Sharp rises in blood sugar after meals may raise Alzheimer’s risk, according to genetic analysis of more than 350,000 adults.
The findings point to after-meal glucose, rather than overall blood sugar, as a possible factor in long-term brain health.
Researchers examined genetic and health data from over 350,000 UK Biobank participants aged 40 to 69, focusing on fasting glucose, insulin, and blood sugar measured two hours after eating.
The team used Mendelian randomisation, a genetic method that helps test whether biological traits may play a direct role in disease risk.
People with higher after-meal glucose had a 69 per cent higher risk of Alzheimer’s disease.
This pattern, known as postprandial hyperglycaemia (elevated blood sugar after eating), stood out as a key factor.
The increased risk was not explained by overall brain shrinkage (atrophy) or white matter damage, suggesting after-meal glucose may affect the brain through other pathways not yet fully understood.

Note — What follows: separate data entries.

(* Let $\mathcal{W}$ be a weakly exact structure on an additive category $\mathcal{A}$ and let \[\begin{array}{ccc} A & \xrightarrow{i} & B\\ {\scriptstyle f}\downarrow & & \downarrow{\scriptstyle f'}\\ A' & \xrightarrow{i'} & B'\end{array}\] be a commutative square in which $i$ and $i'$ are admissible monics of $\mathcal{W}$. Then the following are equivalent: (i) the square is a pushout; (ii) the sequence $A\xrightarrow{\left[\begin{smallmatrix} i\\ -f\end{smallmatrix}\right]} B\oplus A'\xrightarrow{[f'\ \ i']} B'$ is a short exact sequence belonging to $\mathcal{W}$; (iii) the square is both a pushout and a pullback; (iv) there is a commutative diagram whose rows $A\xrightarrow{i}B\xrightarrow{p}C$ and $A'\xrightarrow{i'}B'\xrightarrow{p'}C$ belong to $\mathcal{W}$ and whose vertical maps are $f$, $f'$ and $1_C$. The dual statement (for admissible epics and pullbacks) also holds.
   Context: Let $\mathcal{A}$ be an additive category. A kernel-cokernel pair (short exact sequence) is a pair of composable morphisms $A\xrightarrow{i}B\xrightarrow{d}C$ with $i$ a kernel of $d$ and $d$ a cokernel of $i$. A weakly exact structure on $\mathcal{A}$ is a class $\mathcal{W}$ of kernel-cokernel pairs, closed under isomorphisms of sequences and under finite direct sums of sequences, such that, calling $i$ an admissible monic (resp. $d$ an admissible epic) if $(i,d)\in\mathcal{W}$ for some $d$ (resp. some $i$): (E0) $1_A$ is an admissible monic for every object $A$; (E0)$^{op}$ $1_A$ is an admissible epic for every object $A$; (E2) for every admissible monic $i:A\to B$ and every morphism $t:A\to C$ the pushout of $i$ along $t$ exists and the resulting morphism $C\to S$ is an admissible monic; (E2)$^{op}$ for every admissible epic $h:A\to C$ and every morphism $t:B\to C$ the pullback of $h$ along $t$ exists and the resulting morphism $P\to B$ is an admissible epic. *)

theory Defs
  imports Main
begin

text \<open>An additive category, presented by its data: objects, morphisms with
source/target, composition (cmp C g f is g after f), identities, the abelian
group structure on hom-sets, and chosen binary biproducts with injections and
projections.\<close>

record ('o, 'm) addcat =
  Ob   :: "'o set"
  Mor  :: "'m set"
  src  :: "'m \<Rightarrow> 'o"
  tgt  :: "'m \<Rightarrow> 'o"
  cmp  :: "'m \<Rightarrow> 'm \<Rightarrow> 'm"
  idm  :: "'o \<Rightarrow> 'm"
  madd :: "'m \<Rightarrow> 'm \<Rightarrow> 'm"
  mneg :: "'m \<Rightarrow> 'm"
  zer  :: "'o \<Rightarrow> 'o \<Rightarrow> 'm"
  bsum :: "'o \<Rightarrow> 'o \<Rightarrow> 'o"
  bin1 :: "'o \<Rightarrow> 'o \<Rightarrow> 'm"
  bin2 :: "'o \<Rightarrow> 'o \<Rightarrow> 'm"
  bpr1 :: "'o \<Rightarrow> 'o \<Rightarrow> 'm"
  bpr2 :: "'o \<Rightarrow> 'o \<Rightarrow> 'm"

definition Hom :: "('o, 'm, 'x) addcat_scheme \<Rightarrow> 'o \<Rightarrow> 'o \<Rightarrow> 'm set" where
  "Hom C A B = {f \<in> Mor C. src C f = A \<and> tgt C f = B}"

definition additive_category :: "('o, 'm, 'x) addcat_scheme \<Rightarrow> bool" where
  "additive_category C \<longleftrightarrow>
     (\<forall>f\<in>Mor C. src C f \<in> Ob C \<and> tgt C f \<in> Ob C) \<and>
     (\<forall>A\<in>Ob C. idm C A \<in> Hom C A A) \<and>
     (\<forall>A B D f g. f \<in> Hom C A B \<longrightarrow> g \<in> Hom C B D \<longrightarrow> cmp C g f \<in> Hom C A D) \<and>
     (\<forall>A B D E f g h. f \<in> Hom C A B \<longrightarrow> g \<in> Hom C B D \<longrightarrow> h \<in> Hom C D E \<longrightarrow>
         cmp C h (cmp C g f) = cmp C (cmp C h g) f) \<and>
     (\<forall>A B f. f \<in> Hom C A B \<longrightarrow> cmp C (idm C B) f = f \<and> cmp C f (idm C A) = f) \<and>
     \<comment> \<open>each hom-set is an abelian group\<close>
     (\<forall>A\<in>Ob C. \<forall>B\<in>Ob C. zer C A B \<in> Hom C A B) \<and>
     (\<forall>A B f g. f \<in> Hom C A B \<longrightarrow> g \<in> Hom C A B \<longrightarrow>
         madd C f g \<in> Hom C A B \<and> madd C f g = madd C g f) \<and>
     (\<forall>A B f g h. f \<in> Hom C A B \<longrightarrow> g \<in> Hom C A B \<longrightarrow> h \<in> Hom C A B \<longrightarrow>
         madd C (madd C f g) h = madd C f (madd C g h)) \<and>
     (\<forall>A B f. f \<in> Hom C A B \<longrightarrow>
         mneg C f \<in> Hom C A B \<and> madd C f (zer C A B) = f \<and> madd C f (mneg C f) = zer C A B) \<and>
     \<comment> \<open>composition is bilinear\<close>
     (\<forall>A B D f g h. f \<in> Hom C A B \<longrightarrow> g \<in> Hom C A B \<longrightarrow> h \<in> Hom C B D \<longrightarrow>
         cmp C h (madd C f g) = madd C (cmp C h f) (cmp C h g)) \<and>
     (\<forall>E A B f g k. f \<in> Hom C A B \<longrightarrow> g \<in> Hom C A B \<longrightarrow> k \<in> Hom C E A \<longrightarrow>
         cmp C (madd C f g) k = madd C (cmp C f k) (cmp C g k)) \<and>
     \<comment> \<open>a zero object\<close>
     (\<exists>Z\<in>Ob C. \<forall>A\<in>Ob C. (\<exists>!f. f \<in> Hom C Z A) \<and> (\<exists>!f. f \<in> Hom C A Z)) \<and>
     \<comment> \<open>binary biproducts\<close>
     (\<forall>A\<in>Ob C. \<forall>B\<in>Ob C. bsum C A B \<in> Ob C \<and>
         bin1 C A B \<in> Hom C A (bsum C A B) \<and> bin2 C A B \<in> Hom C B (bsum C A B) \<and>
         bpr1 C A B \<in> Hom C (bsum C A B) A \<and> bpr2 C A B \<in> Hom C (bsum C A B) B \<and>
         cmp C (bpr1 C A B) (bin1 C A B) = idm C A \<and>
         cmp C (bpr2 C A B) (bin2 C A B) = idm C B \<and>
         cmp C (bpr1 C A B) (bin2 C A B) = zer C B A \<and>
         cmp C (bpr2 C A B) (bin1 C A B) = zer C A B \<and>
         madd C (cmp C (bin1 C A B) (bpr1 C A B)) (cmp C (bin2 C A B) (bpr2 C A B))
           = idm C (bsum C A B))"

definition iso :: "('o, 'm, 'x) addcat_scheme \<Rightarrow> 'm \<Rightarrow> bool" where
  "iso C f \<longleftrightarrow> f \<in> Mor C \<and> (\<exists>g \<in> Hom C (tgt C f) (src C f).
      cmp C g f = idm C (src C f) \<and> cmp C f g = idm C (tgt C f))"

definition is_kernel :: "('o, 'm, 'x) addcat_scheme \<Rightarrow> 'm \<Rightarrow> 'm \<Rightarrow> bool" where
  "is_kernel C i d \<longleftrightarrow> i \<in> Mor C \<and> d \<in> Mor C \<and> tgt C i = src C d \<and>
     cmp C d i = zer C (src C i) (tgt C d) \<and>
     (\<forall>X\<in>Ob C. \<forall>g \<in> Hom C X (src C d). cmp C d g = zer C X (tgt C d) \<longrightarrow>
        (\<exists>!h. h \<in> Hom C X (src C i) \<and> cmp C i h = g))"

definition is_cokernel :: "('o, 'm, 'x) addcat_scheme \<Rightarrow> 'm \<Rightarrow> 'm \<Rightarrow> bool" where
  "is_cokernel C d i \<longleftrightarrow> i \<in> Mor C \<and> d \<in> Mor C \<and> tgt C i = src C d \<and>
     cmp C d i = zer C (src C i) (tgt C d) \<and>
     (\<forall>X\<in>Ob C. \<forall>g \<in> Hom C (tgt C i) X. cmp C g i = zer C (src C i) X \<longrightarrow>
        (\<exists>!h. h \<in> Hom C (tgt C d) X \<and> cmp C h d = g))"

definition kc_pair :: "('o, 'm, 'x) addcat_scheme \<Rightarrow> 'm \<Rightarrow> 'm \<Rightarrow> bool" where
  "kc_pair C i d \<longleftrightarrow> is_kernel C i d \<and> is_cokernel C d i"

definition msum :: "('o, 'm, 'x) addcat_scheme \<Rightarrow> 'm \<Rightarrow> 'm \<Rightarrow> 'm" where
  "msum C f g = madd C
     (cmp C (bin1 C (tgt C f) (tgt C g)) (cmp C f (bpr1 C (src C f) (src C g))))
     (cmp C (bin2 C (tgt C f) (tgt C g)) (cmp C g (bpr2 C (src C f) (src C g))))"

text \<open>Pushout square: t' \<circ> i = j \<circ> t, with i : A \<rightarrow> B, t : A \<rightarrow> D, t' : B \<rightarrow> S, j : D \<rightarrow> S.\<close>
definition is_pushout :: "('o, 'm, 'x) addcat_scheme \<Rightarrow> 'm \<Rightarrow> 'm \<Rightarrow> 'm \<Rightarrow> 'm \<Rightarrow> bool" where
  "is_pushout C i t t' j \<longleftrightarrow> i \<in> Mor C \<and> t \<in> Mor C \<and> t' \<in> Mor C \<and> j \<in> Mor C \<and>
     src C t = src C i \<and> src C t' = tgt C i \<and> src C j = tgt C t \<and> tgt C j = tgt C t' \<and>
     cmp C t' i = cmp C j t \<and>
     (\<forall>X\<in>Ob C. \<forall>u \<in> Hom C (tgt C i) X. \<forall>v \<in> Hom C (tgt C t) X.
        cmp C u i = cmp C v t \<longrightarrow>
        (\<exists>!w. w \<in> Hom C (tgt C t') X \<and> cmp C w t' = u \<and> cmp C w j = v))"

text \<open>Pullback square: h \<circ> q = t \<circ> p, with h : A \<rightarrow> E, t : B \<rightarrow> E, q : P \<rightarrow> A, p : P \<rightarrow> B.\<close>
definition is_pullback :: "('o, 'm, 'x) addcat_scheme \<Rightarrow> 'm \<Rightarrow> 'm \<Rightarrow> 'm \<Rightarrow> 'm \<Rightarrow> bool" where
  "is_pullback C h t q p \<longleftrightarrow> h \<in> Mor C \<and> t \<in> Mor C \<and> q \<in> Mor C \<and> p \<in> Mor C \<and>
     tgt C t = tgt C h \<and> tgt C q = src C h \<and> tgt C p = src C t \<and> src C p = src C q \<and>
     cmp C h q = cmp C t p \<and>
     (\<forall>X\<in>Ob C. \<forall>u \<in> Hom C X (src C h). \<forall>v \<in> Hom C X (src C t).
        cmp C h u = cmp C t v \<longrightarrow>
        (\<exists>!w. w \<in> Hom C X (src C q) \<and> cmp C q w = u \<and> cmp C p w = v))"

definition adm_monic :: "('o, 'm, 'x) addcat_scheme \<Rightarrow> ('m \<times> 'm) set \<Rightarrow> 'm \<Rightarrow> bool" where
  "adm_monic C W i \<longleftrightarrow> (\<exists>d. (i, d) \<in> W)"

definition adm_epic :: "('o, 'm, 'x) addcat_scheme \<Rightarrow> ('m \<times> 'm) set \<Rightarrow> 'm \<Rightarrow> bool" where
  "adm_epic C W d \<longleftrightarrow> (\<exists>i. (i, d) \<in> W)"

definition weakly_exact :: "('o, 'm, 'x) addcat_scheme \<Rightarrow> ('m \<times> 'm) set \<Rightarrow> bool" where
  "weakly_exact C W \<longleftrightarrow>
     (\<forall>(i, d) \<in> W. kc_pair C i d) \<and>
     \<comment> \<open>closed under isomorphisms of sequences\<close>
     (\<forall>(i, d) \<in> W. \<forall>i' d' a b c. kc_pair C i' d' \<and> iso C a \<and> iso C b \<and> iso C c \<and>
        a \<in> Hom C (src C i) (src C i') \<and> b \<in> Hom C (tgt C i) (tgt C i') \<and>
        c \<in> Hom C (tgt C d) (tgt C d') \<and>
        cmp C b i = cmp C i' a \<and> cmp C c d = cmp C d' b \<longrightarrow> (i', d') \<in> W) \<and>
     \<comment> \<open>closed under (binary) direct sums\<close>
     (\<forall>(i1, d1) \<in> W. \<forall>(i2, d2) \<in> W. (msum C i1 i2, msum C d1 d2) \<in> W) \<and>
     \<comment> \<open>(E0) and (E0)op\<close>
     (\<forall>A\<in>Ob C. adm_monic C W (idm C A)) \<and>
     (\<forall>A\<in>Ob C. adm_epic C W (idm C A)) \<and>
     \<comment> \<open>(E2): pushouts of admissible monics exist and are admissible monics\<close>
     (\<forall>i t. adm_monic C W i \<and> t \<in> Mor C \<and> src C t = src C i \<longrightarrow>
        (\<exists>t' j. is_pushout C i t t' j) \<and>
        (\<forall>t' j. is_pushout C i t t' j \<longrightarrow> adm_monic C W j)) \<and>
     \<comment> \<open>(E2)op: pullbacks of admissible epics exist and are admissible epics\<close>
     (\<forall>h t. adm_epic C W h \<and> t \<in> Mor C \<and> tgt C t = tgt C h \<longrightarrow>
        (\<exists>q p. is_pullback C h t q p) \<and>
        (\<forall>q p. is_pullback C h t q p \<longrightarrow> adm_epic C W p))"

end

theory Submission
  imports Defs
begin

text \<open>Write \<open>\<mu> = [i; -f] : A \<rightarrow> B \<oplus> A'\<close> and \<open>\<epsilon> = [f' i'] : B \<oplus> A' \<rightarrow> B'\<close>. The square
commutes iff \<open>\<epsilon> \<mu> = 0\<close>; it is a pushout iff \<open>\<epsilon>\<close> is a cokernel of \<open>\<mu>\<close> and a pullback
iff \<open>\<mu>\<close> is a kernel of \<open>\<epsilon>\<close>, so (ii) gives (iii).
If the square is a pushout and \<open>p'\<close> is the admissible cokernel of \<open>i'\<close>, the pushout property
makes \<open>p' f'\<close> a cokernel of \<open>i\<close>; since a kernel-cokernel pair isomorphic to one in \<open>\<W>\<close> lies in
\<open>\<W>\<close>, this gives (iv).
Conversely, given (iv), the square formed by \<open>p\<close>, \<open>p'\<close>, the projection \<open>B \<oplus> A' \<rightarrow> B\<close> and \<open>\<epsilon>\<close>
is a pullback, so \<open>\<epsilon>\<close> is an admissible epic by (E2)op; as \<open>\<mu>\<close> is a kernel of \<open>\<epsilon>\<close>, this
gives (ii).
The dual statement is the primal one for the opposite category, where the pairs
\<open>(d, i)\<close> with \<open>(i, d) \<in> \<W>\<close> again form a weakly exact structure.\<close>

lemma ex1_unique: "\<exists>!x. P x \<Longrightarrow> P a \<Longrightarrow> P b \<Longrightarrow> a = b"
  by blast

Dr Andrew Mason, lead author, said: “This finding could help shape future prevention strategies, highlighting the importance of managing blood sugar not just overall, but specifically after meals.”
Dr Vicky Garfield, senior author, added: “We first need to replicate these results in other populations and ancestries to confirm the link and better understand the underlying biology.
“If validated, the study could pave the way for new approaches to reduce dementia risk in people with diabetes.”